Eu penso que seja muito mais uma tentativa de organizar o caos do que encontrar redenção. Não tenho esperança nenhuma de redenção. Só quero pagar o aluguel do mês seguinte e tentar viver das coisas que eu amo, que são a Literatura, o Cinema e a Filosofia. Eu me lembro de que pouco após o atentado às torres gêmeas em 11/09, li um artigo em que o autor mencionava que, a partir daquele evento, o número de matrículas em academias de ginástica e a busca por alimentos mais saudáveis para o consumo caíram drasticamente. É isso, quando se perde a visão de um porvir, tudo aquilo que nos mantém sãos perde perspectiva, o desespero se instala e a noção de história e processo se esvai completamente. A minha tentativa com esse livro talvez seja entender o que faz com que continuemos. Será que é preciso um evento como o 11/09 para nos tirar a esperança por completo? Ou as pequenas desventuras e os sutis desalentos que experimentamos dia a dia, por estarem diluídos no tempo nos anestesiam para que possamos continuar acompanhando o ritmo da valsa? Ou ainda, são os elementos catárticos, como no meu caso as artes que mencionei, que nos impedem de apertar o botão vermelho?

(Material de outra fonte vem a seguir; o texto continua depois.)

(* Let $M\in\mathrm{rep}\,G_{m,n}$ be arbitrary and $\ast\in\{ss,cc,tot\}$. Then $$\sum_{I\in\mathbb{I}_{m,n}}\tilde d^\ast_M(I)\cdot\underline{\dim}(V_I)=\underline{\dim}(M),$$ where $\underline{\dim}(X)=(\dim X(v))_{v}$ is the dimension vector indexed by the vertices $v$ of $G_{m,n}$.
   Context: Fix a field $K$. For integers $m,n\ge1$, $G_{m,n}$ is the equioriented commutative $m\times n$ grid: the quiver with vertex set $\{(i,j):1\le i\le m,\ 1\le j\le n\}$ and arrows $(i,j)\to(i,j+1)$ and $(i,j)\to(i+1,j)$, bound by all commutativity relations; $\mathrm{rep}\,G_{m,n}$ is its category of finite-dimensional representations over $K$ satisfying the relations. An interval of $G_{m,n}$ is a nonempty full subquiver $I$ which is connected (as an undirected graph) and convex (whenever $x,y\in I_0$ and there are paths $x\to z$, $z\to y$ in $G_{m,n}$, then $z\in I_0$); $\mathbb{I}_{m,n}$ is the set of intervals ordered by inclusion of vertex sets. The interval representation $V_I$ has $K$ at vertices of $I$, $0$ elsewhere, identity maps on arrows inside $I$ and zero maps otherwise. Essential vertices: $I^{ss}_0$ is the set of sources and sinks of the quiver $I$; $I^{cc}_0=I_0\cap(\mathrm{pr}_1(I^{ss}_0)\times\mathrm{pr}_2(I^{ss}_0))$ with $\mathrm{pr}_1,\mathrm{pr}_2$ coordinate projections; $I^{tot}_0=I_0$. Let $KG_{m,n}$ be the $K$-linear category whose objects are the vertices and whose morphisms are $K$-linear combinations of paths modulo the commutativity relations; representations are $K$-linear functors $KG_{m,n}\to\mathrm{vect}_K$. For $\ast\in\{ss,cc,tot\}$, $\mathcal{C}^\ast_I$ is the full subcategory of $KG_{m,n}$ on $I^\ast_0$, and $M^\ast_I:=M|_{\mathcal{C}^\ast_I}$. The compressed multiplicity $\bar d^\ast_M(I)$ is the multiplicity of the indecomposable $(V_I)^\ast_I$ as a direct summand of $M^\ast_I$. Let $\mu$ be the Möbius function of the finite poset $\mathbb{I}_{m,n}$ ($\mu([I,I])=1$, $\mu([I,J])=-\sum_{I\le L<J}\mu([I,L])$ for $I<J$), and $\tilde d^\ast_M(I):=\sum_{J\ge I}\mu([I,J])\,\bar d^\ast_M(J)$. *)

theory Defs
  imports "Jordan_Normal_Form.Matrix"
begin

type_synonym vert = "nat \<times> nat"

definition grid_verts :: "nat \<Rightarrow> nat \<Rightarrow> vert set" where
  "grid_verts m n = {(i,j). 1 \<le> i \<and> i \<le> m \<and> 1 \<le> j \<and> j \<le> n}"

text \<open>There is a path x to y in G_{m,n} iff x is componentwise below y.\<close>
definition vle :: "vert \<Rightarrow> vert \<Rightarrow> bool" where
  "vle x y \<longleftrightarrow> fst x \<le> fst y \<and> snd x \<le> snd y"

definition grid_arrow :: "nat \<Rightarrow> nat \<Rightarrow> vert \<Rightarrow> vert \<Rightarrow> bool" where
  "grid_arrow m n x y \<longleftrightarrow> x \<in> grid_verts m n \<and> y \<in> grid_verts m n \<and>
     (y = (fst x, snd x + 1) \<or> y = (fst x + 1, snd x))"

definition connected_verts :: "nat \<Rightarrow> nat \<Rightarrow> vert set \<Rightarrow> bool" where
  "connected_verts m n I \<longleftrightarrow> (\<forall>x\<in>I. \<forall>y\<in>I.
     (\<lambda>a b. a \<in> I \<and> b \<in> I \<and> (grid_arrow m n a b \<or> grid_arrow m n b a))\<^sup>*\<^sup>* x y)"

definition convex_verts :: "nat \<Rightarrow> nat \<Rightarrow> vert set \<Rightarrow> bool" where
  "convex_verts m n I \<longleftrightarrow> (\<forall>x\<in>I. \<forall>y\<in>I. \<forall>z\<in>grid_verts m n. vle x z \<and> vle z y \<longrightarrow> z \<in> I)"

text \<open>Intervals are identified with their vertex sets (full subquivers).\<close>
definition intervals :: "nat \<Rightarrow> nat \<Rightarrow> vert set set" where
  "intervals m n = {I. I \<noteq> {} \<and> I \<subseteq> grid_verts m n \<and> connected_verts m n I \<and> convex_verts m n I}"

datatype ess = SS | CC | TOT

definition sources :: "nat \<Rightarrow> nat \<Rightarrow> vert set \<Rightarrow> vert set" where
  "sources m n I = {x\<in>I. \<not> (\<exists>y\<in>I. grid_arrow m n y x)}"

definition sinks :: "nat \<Rightarrow> nat \<Rightarrow> vert set \<Rightarrow> vert set" where
  "sinks m n I = {x\<in>I. \<not> (\<exists>y\<in>I. grid_arrow m n x y)}"

definition ess_verts :: "nat \<Rightarrow> nat \<Rightarrow> ess \<Rightarrow> vert set \<Rightarrow> vert set" where
  "ess_verts m n e I = (case e of
      SS \<Rightarrow> sources m n I \<union> sinks m n I
    | CC \<Rightarrow> I \<inter> (fst ` (sources m n I \<union> sinks m n I) \<times> snd ` (sources m n I \<union> sinks m n I))
    | TOT \<Rightarrow> I)"

text \<open>Hom(x,y) in KG_{m,n} is K (one path class) if x \<le> y and 0 otherwise. Hence a
  K-linear functor on the full subcategory on a vertex set S is given by a dimension
  K^(d x) at each x \<in> S and a matrix f x y : K^(d x) \<rightarrow> K^(d y) for x \<le> y in S,
  functorially. Values outside S are irrelevant.\<close>

type_synonym 'k rep = "(vert \<Rightarrow> nat) \<times> (vert \<Rightarrow> vert \<Rightarrow> 'k mat)"

definition is_rep :: "vert set \<Rightarrow> 'k::field rep \<Rightarrow> bool" where
  "is_rep S M \<longleftrightarrow>
     (\<forall>x\<in>S. snd M x x = 1\<^sub>m (fst M x)) \<and>
     (\<forall>x\<in>S. \<forall>y\<in>S. vle x y \<longrightarrow> snd M x y \<in> carrier_mat (fst M y) (fst M x)) \<and>
     (\<forall>x\<in>S. \<forall>y\<in>S. \<forall>z\<in>S. vle x y \<and> vle y z \<longrightarrow> snd M x z = snd M y z * snd M x y)"

definition rep_iso :: "vert set \<Rightarrow> 'k::field rep \<Rightarrow> 'k rep \<Rightarrow> bool" where
  "rep_iso S M N \<longleftrightarrow> (\<exists>\<phi>. (\<forall>x\<in>S. \<phi> x \<in> carrier_mat (fst N x) (fst M x) \<and> invertible_mat (\<phi> x)) \<and>
     (\<forall>x\<in>S. \<forall>y\<in>S. vle x y \<longrightarrow> snd N x y * \<phi> x = \<phi> y * snd M x y))"

definition rep_dsum :: "'k::field rep \<Rightarrow> 'k rep \<Rightarrow> 'k rep" where
  "rep_dsum M N = ((\<lambda>x. fst M x + fst N x),
     (\<lambda>x y. four_block_mat (snd M x y) (0\<^sub>m (fst M y) (fst N x))
                           (0\<^sub>m (fst N y) (fst M x)) (snd N x y)))"

definition rep_zero :: "'k::field rep" where
  "rep_zero = ((\<lambda>x. 0), (\<lambda>x y. 0\<^sub>m 0 0))"

fun rep_pow :: "'k::field rep \<Rightarrow> nat \<Rightarrow> 'k rep" where
  "rep_pow N 0 = rep_zero"
| "rep_pow N (Suc k) = rep_dsum N (rep_pow N k)"

definition summand_mult :: "vert set \<Rightarrow> 'k::field rep \<Rightarrow> 'k rep \<Rightarrow> nat" where
  "summand_mult S N X = (GREATEST k. \<exists>Y. is_rep S Y \<and> rep_iso S X (rep_dsum (rep_pow N k) Y))"

definition interval_rep :: "vert set \<Rightarrow> 'k::field rep" where
  "interval_rep I = ((\<lambda>x. if x \<in> I then 1 else 0),
     (\<lambda>x y. if x \<in> I \<and> y \<in> I then 1\<^sub>m 1
            else 0\<^sub>m (if y \<in> I then 1 else 0) (if x \<in> I then 1 else 0)))"

text \<open>Restriction M^*_I to C^*_I is the same data regarded on ess_verts; the compressed
  multiplicity is the multiplicity of (V_I)^*_I as a summand of M^*_I.\<close>
definition compressed_mult :: "nat \<Rightarrow> nat \<Rightarrow> ess \<Rightarrow> 'k::field rep \<Rightarrow> vert set \<Rightarrow> nat" where
  "compressed_mult m n e M I = summand_mult (ess_verts m n e I) (interval_rep I) M"

definition moebius :: "'a set set \<Rightarrow> 'a set \<Rightarrow> 'a set \<Rightarrow> int" where
  "moebius P = (THE \<mu>. \<forall>I J. \<mu> I J =
      (if I \<in> P \<and> J \<in> P \<and> I \<subseteq> J then
         (if I = J then 1 else - (\<Sum>L\<in>{L\<in>P. I \<subseteq> L \<and> L \<subset> J}. \<mu> I L))
       else 0))"
lemma ereal_le_divide_if_le_divide_below:
  fixes a c h :: real and R :: ereal
  assumes "0 \<le> a" "ereal a < R" "0 \<le> c" "\<And>t. a < t \<Longrightarrow> ereal t < R \<Longrightarrow> h \<le> c / t"
  shows "ereal h \<le> ereal c / R"
proof (cases R)
  case (real r)
  with assms(2) have "a < r"
    by simp
  have "h \<le> c / r"
  proof (rule le_divide_if_le_divide_below[OF assms(1) \<open>a < r\<close> assms(3)])
    fix t assume "a < t" "t < r"
    then show "h \<le> c / t"
      using assms(4) real by simp
  qed
  then show ?thesis
    using real \<open>a < r\<close> assms(1) by simp
next
  case PInf
  have "h \<le> 0"
  proof (rule nonpos_if_le_divide_above[OF assms(1,3)])
    fix t assume "a < t"
    then show "h \<le> c / t"
      using assms(4) PInf by simp
  qed
  then show ?thesis
    using PInf by simp
qed (use assms(2) in simp)

lemma sphere_closed_segment_point_bound:
  fixes A :: "'a::euclidean_space set"
  assumes "closed A" "q \<in> A" "x \<in> A" "p \<in> UP A" "xi A p = q"
    and "0 < \<epsilon>" "ereal \<epsilon> < reach A" "dist x p < \<epsilon>" "\<epsilon> \<le> dist x q"
    and y: "y \<in> sphere x \<epsilon> \<inter> closed_segment q p"
  shows "ereal (norm (y - q)) \<le> ereal (\<epsilon>\<^sup>2) / reach A"
proof (rule ereal_le_divide_if_le_divide_below)
  have "dist p q = infdist p A"
    using xi_nearest(2)[OF assms(4)] assms(5) by simp
  then have "dist y q = infdist y A"
    using infdist_closed_segment_nearest[OF assms(2)] y by (simp add: closed_segment_commute)
  have "dist y q \<le> dist q p"
    using y dist_in_closed_segment[of y q p] by simp
  then have "norm (y - q) \<le> dist p q"
    by (metis dist_commute dist_norm)
  also have "\<dots> \<le> dist p x"
    using \<open>dist p q = infdist p A\<close> infdist_le[OF assms(3)] by simp
  finally have "norm (y - q) < \<epsilon>"
    using assms(8) by (simp add: dist_commute)
  fix t assume "\<epsilon> < t" "ereal t < reach A"
  with assms(6) have "0 < t"
    by simp
  show "norm (y - q) \<le> \<epsilon>\<^sup>2 / t"
  proof (rule norm_le_divide_of_sphere_point)
    show "2 * t * ((y - q) \<bullet> (x - q)) \<le> norm (y - q) * (norm (x - q))\<^sup>2"
      using inner_le_reach[OF assms(1-3) \<open>dist y q = infdist y A\<close> \<open>0 < t\<close>]
        \<open>ereal t < reach A\<close> .
  qed (use \<open>0 < t\<close> \<open>\<epsilon> < t\<close> \<open>norm (y - q) < \<epsilon>\<close> y assms(9) in auto)
qed (use assms(6,7) in auto)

Seus contos retratam realidades que muitas vezes refletem as vidas de quem os lê. Como você espera que seus leitores se sintam ao enxergar suas próprias experiências no livro?

O impacto no outro é sempre uma questão delicada. É difícil pensar no impacto que quero criar. Parece que assim me coloco acima do leitor e quero conduzi-lo como um títere. Claro que não sou ingênuo a ponto de pensar que o autor, ao empregar uma técnica narrativa, não esteja, de alguma forma, a conduzir o leitor, mas pelos próprios temas que abordo no livro, penso que eu tenha com essa obra menos respostas do que perguntas. Acho que esses contos são, antes de tudo, um convite ao leitor para que tentemos entender juntos os motivos que nos fazem seguir. Se a vida é, como parece tantas vezes, tão cheia de desamparo, dor, sofrimento e desilusão, porque continuamos a pegar nossos trens e metrôs lotados toda segunda-feira?

O título do livro reflete um olhar pessimista sobre a vida, mas também parece carregar uma ironia. De que maneira o pessimismo serve como um meio para revelar verdades humanas universais? E como surgiu a ideia para este título irônico?

O Pessimismo filosófico surgiu como uma resposta ao Otimismo filosófico, (veja como esse jogo de esquenta/esfria do Guimarães serve para tudo), fruto das luzes do século 18. A figura do sábio Pangloss, satirizada por Voltaire em “O Cândido e o Otimismo é o #gratiluz contemporâneo. Um exagero para um dos lados da balança acaba exigindo um contrapeso do outro lado. Então, meu exercício de pessimismo nesse livro talvez seja um combate ao #gratiluz. A ironia do título e a essência por trás dele é o impasse lógico que um pessimismo exacerbado também pode representar. Assim como o otimista imprudente é problemático, o pessimista radical representa também um dilema de ordem prática. A consequência do seu dessabor absoluto pela vida é a extinção dela mesma. É termos uma obra para ler para uma platéia vazia.

Muitos contos são baseados em pequenas tragédias do cotidiano. Você acredita que a dor tem o poder de ensinar ou transformar, ou ela simplesmente faz parte da condição humana inevitável?

A dor tem sim uma função pedagógica. Uma criança que toca o fogo pela primeira vez não necessita de uma segunda oportunidade para tirar sua conclusão. Mas não é o caso de glamorizar a dor e o sofrimento como etapas essenciais e indispensáveis rumo ao sucesso do desenvolvimento humano. Ficar sem sofrer deve ser muito melhor, mas é aí que entra a concretude de um mundo não idealizado. Nele, o que observamos é a inevitabilidade da experiência da dor e do sofrimento humanos. O que a vida quer de nós é coragem. Coragem pode ser uma variante da virtude cardeal da Fortaleza, que é a capacidade de demonstrar segurança nas dificuldades e buscar o bem ainda que diante das adversidades. É uma frase batida, mas não deixa de ser bastante verdadeira: não se forja bom marinheiro em mar calmo.